— To do —
All that should come back is the lines of the data below from the one containing "p * \<Psi> (fst" to the one containing "(\<forall>\<zeta>>0. \<forall>\<eta>>0. 0", inclusive, exactly as they stand.

----

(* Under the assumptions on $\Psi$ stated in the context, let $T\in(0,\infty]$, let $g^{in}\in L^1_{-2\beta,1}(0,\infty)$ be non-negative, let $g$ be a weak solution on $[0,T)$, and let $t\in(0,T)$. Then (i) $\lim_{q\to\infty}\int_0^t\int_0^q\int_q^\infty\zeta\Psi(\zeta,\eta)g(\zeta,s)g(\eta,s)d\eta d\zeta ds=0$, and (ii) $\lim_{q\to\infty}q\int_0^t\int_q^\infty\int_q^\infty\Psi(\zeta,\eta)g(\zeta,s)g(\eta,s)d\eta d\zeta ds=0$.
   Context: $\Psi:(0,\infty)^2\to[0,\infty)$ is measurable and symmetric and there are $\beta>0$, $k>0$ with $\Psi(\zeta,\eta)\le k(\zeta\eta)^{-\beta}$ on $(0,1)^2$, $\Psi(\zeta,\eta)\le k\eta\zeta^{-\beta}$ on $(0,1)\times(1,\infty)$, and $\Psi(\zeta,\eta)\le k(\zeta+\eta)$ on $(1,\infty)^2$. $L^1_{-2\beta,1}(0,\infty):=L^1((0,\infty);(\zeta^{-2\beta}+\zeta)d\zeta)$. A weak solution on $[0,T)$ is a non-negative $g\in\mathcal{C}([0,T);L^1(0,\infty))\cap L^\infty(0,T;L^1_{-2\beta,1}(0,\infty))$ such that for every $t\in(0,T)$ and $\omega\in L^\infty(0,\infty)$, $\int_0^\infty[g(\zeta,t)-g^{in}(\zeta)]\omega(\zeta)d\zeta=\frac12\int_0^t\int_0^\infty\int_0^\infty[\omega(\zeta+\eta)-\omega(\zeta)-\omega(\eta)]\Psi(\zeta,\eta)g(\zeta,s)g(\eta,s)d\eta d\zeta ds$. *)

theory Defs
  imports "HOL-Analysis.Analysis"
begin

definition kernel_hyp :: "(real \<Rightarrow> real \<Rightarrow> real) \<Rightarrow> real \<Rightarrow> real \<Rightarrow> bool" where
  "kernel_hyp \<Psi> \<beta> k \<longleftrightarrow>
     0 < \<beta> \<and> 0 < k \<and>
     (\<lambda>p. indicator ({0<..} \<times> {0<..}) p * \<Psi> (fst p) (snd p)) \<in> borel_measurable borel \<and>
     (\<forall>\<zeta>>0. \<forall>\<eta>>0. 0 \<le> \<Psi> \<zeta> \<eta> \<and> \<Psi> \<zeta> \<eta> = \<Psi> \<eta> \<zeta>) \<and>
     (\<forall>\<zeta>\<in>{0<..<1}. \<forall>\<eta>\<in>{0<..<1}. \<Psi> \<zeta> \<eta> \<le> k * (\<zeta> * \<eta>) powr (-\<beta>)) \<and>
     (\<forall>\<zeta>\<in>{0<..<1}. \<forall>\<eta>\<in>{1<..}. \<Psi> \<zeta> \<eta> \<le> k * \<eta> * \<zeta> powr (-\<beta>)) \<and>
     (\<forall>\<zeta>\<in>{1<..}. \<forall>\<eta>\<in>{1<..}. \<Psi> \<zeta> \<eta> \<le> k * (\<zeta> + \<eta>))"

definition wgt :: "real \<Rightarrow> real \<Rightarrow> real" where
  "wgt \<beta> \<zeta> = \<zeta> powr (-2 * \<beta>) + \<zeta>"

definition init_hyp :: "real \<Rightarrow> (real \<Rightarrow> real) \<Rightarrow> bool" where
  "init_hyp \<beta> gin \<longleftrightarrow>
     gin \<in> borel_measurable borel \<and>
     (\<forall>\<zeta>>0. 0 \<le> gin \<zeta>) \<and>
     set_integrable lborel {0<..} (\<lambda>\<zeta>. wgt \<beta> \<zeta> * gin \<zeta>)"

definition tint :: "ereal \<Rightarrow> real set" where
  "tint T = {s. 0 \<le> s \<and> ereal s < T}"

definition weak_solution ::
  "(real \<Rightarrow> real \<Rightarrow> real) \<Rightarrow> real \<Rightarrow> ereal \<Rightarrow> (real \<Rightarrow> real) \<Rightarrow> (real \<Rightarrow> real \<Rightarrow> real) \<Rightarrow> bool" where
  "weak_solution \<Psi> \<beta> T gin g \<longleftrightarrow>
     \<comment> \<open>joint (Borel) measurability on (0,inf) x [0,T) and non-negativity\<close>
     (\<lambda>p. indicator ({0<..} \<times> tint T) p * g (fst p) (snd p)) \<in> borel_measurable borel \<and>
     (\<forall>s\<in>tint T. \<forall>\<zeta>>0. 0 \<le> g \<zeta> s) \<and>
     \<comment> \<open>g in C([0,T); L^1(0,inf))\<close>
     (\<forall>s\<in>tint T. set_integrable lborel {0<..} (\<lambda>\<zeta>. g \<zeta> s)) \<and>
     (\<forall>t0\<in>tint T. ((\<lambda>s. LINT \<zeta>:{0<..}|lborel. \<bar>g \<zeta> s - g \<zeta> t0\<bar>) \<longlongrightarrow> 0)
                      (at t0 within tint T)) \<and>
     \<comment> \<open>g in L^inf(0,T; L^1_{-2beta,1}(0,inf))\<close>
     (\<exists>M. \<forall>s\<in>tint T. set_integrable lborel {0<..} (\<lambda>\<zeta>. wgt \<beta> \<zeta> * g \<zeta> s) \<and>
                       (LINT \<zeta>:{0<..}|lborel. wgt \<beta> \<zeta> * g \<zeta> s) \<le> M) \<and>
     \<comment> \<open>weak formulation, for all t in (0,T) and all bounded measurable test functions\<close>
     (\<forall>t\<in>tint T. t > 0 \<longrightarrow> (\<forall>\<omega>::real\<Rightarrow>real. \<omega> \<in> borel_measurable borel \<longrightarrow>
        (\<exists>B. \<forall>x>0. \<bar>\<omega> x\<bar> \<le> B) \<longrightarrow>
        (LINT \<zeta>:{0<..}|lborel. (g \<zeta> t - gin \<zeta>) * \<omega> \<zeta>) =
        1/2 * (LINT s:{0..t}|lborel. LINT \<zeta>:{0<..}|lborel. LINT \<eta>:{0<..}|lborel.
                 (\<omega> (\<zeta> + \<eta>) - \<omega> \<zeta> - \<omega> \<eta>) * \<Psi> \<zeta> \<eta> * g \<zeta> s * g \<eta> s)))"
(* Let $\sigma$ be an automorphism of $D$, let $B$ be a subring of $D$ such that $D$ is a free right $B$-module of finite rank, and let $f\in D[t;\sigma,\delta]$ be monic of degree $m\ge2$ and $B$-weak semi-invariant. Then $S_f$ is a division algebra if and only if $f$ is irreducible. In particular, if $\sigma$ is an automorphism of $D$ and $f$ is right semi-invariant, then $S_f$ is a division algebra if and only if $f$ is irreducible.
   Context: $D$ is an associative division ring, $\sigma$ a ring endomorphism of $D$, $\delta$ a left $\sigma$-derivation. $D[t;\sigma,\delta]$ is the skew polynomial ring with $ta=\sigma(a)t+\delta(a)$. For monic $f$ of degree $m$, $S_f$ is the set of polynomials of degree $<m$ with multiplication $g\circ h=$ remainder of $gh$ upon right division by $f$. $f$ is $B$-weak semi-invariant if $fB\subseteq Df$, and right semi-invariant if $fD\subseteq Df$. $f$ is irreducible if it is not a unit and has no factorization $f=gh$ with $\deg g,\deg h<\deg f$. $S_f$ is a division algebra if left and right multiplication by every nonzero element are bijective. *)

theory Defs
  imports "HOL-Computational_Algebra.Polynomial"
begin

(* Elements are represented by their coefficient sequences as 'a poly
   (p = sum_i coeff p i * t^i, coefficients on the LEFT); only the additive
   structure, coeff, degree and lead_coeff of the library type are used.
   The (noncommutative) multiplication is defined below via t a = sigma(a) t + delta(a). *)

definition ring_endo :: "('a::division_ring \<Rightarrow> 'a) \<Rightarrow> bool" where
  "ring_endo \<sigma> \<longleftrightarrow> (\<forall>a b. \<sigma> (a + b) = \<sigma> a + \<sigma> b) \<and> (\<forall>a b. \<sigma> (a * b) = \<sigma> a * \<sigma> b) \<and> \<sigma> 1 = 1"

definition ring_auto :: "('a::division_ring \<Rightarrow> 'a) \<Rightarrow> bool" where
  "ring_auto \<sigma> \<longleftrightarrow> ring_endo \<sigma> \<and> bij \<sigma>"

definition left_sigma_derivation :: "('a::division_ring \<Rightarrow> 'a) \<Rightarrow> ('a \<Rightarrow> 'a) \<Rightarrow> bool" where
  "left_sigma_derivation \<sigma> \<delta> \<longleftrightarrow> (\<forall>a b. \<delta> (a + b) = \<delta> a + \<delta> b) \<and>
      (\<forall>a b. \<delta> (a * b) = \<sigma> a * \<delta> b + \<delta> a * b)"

----

— Output below —
     (\<lambda>p. indicator ({0<..} \<times> {0<..}) p * \<Psi> (fst p) (snd p)) \<in> borel_measurable borel \<and>
     (\<forall>\<zeta>>0. \<forall>\<eta>>0. 0 \<le> \<Psi> \<zeta> \<eta> \<and> \<Psi> \<zeta> \<eta> = \<Psi> \<eta> \<zeta>) \<and>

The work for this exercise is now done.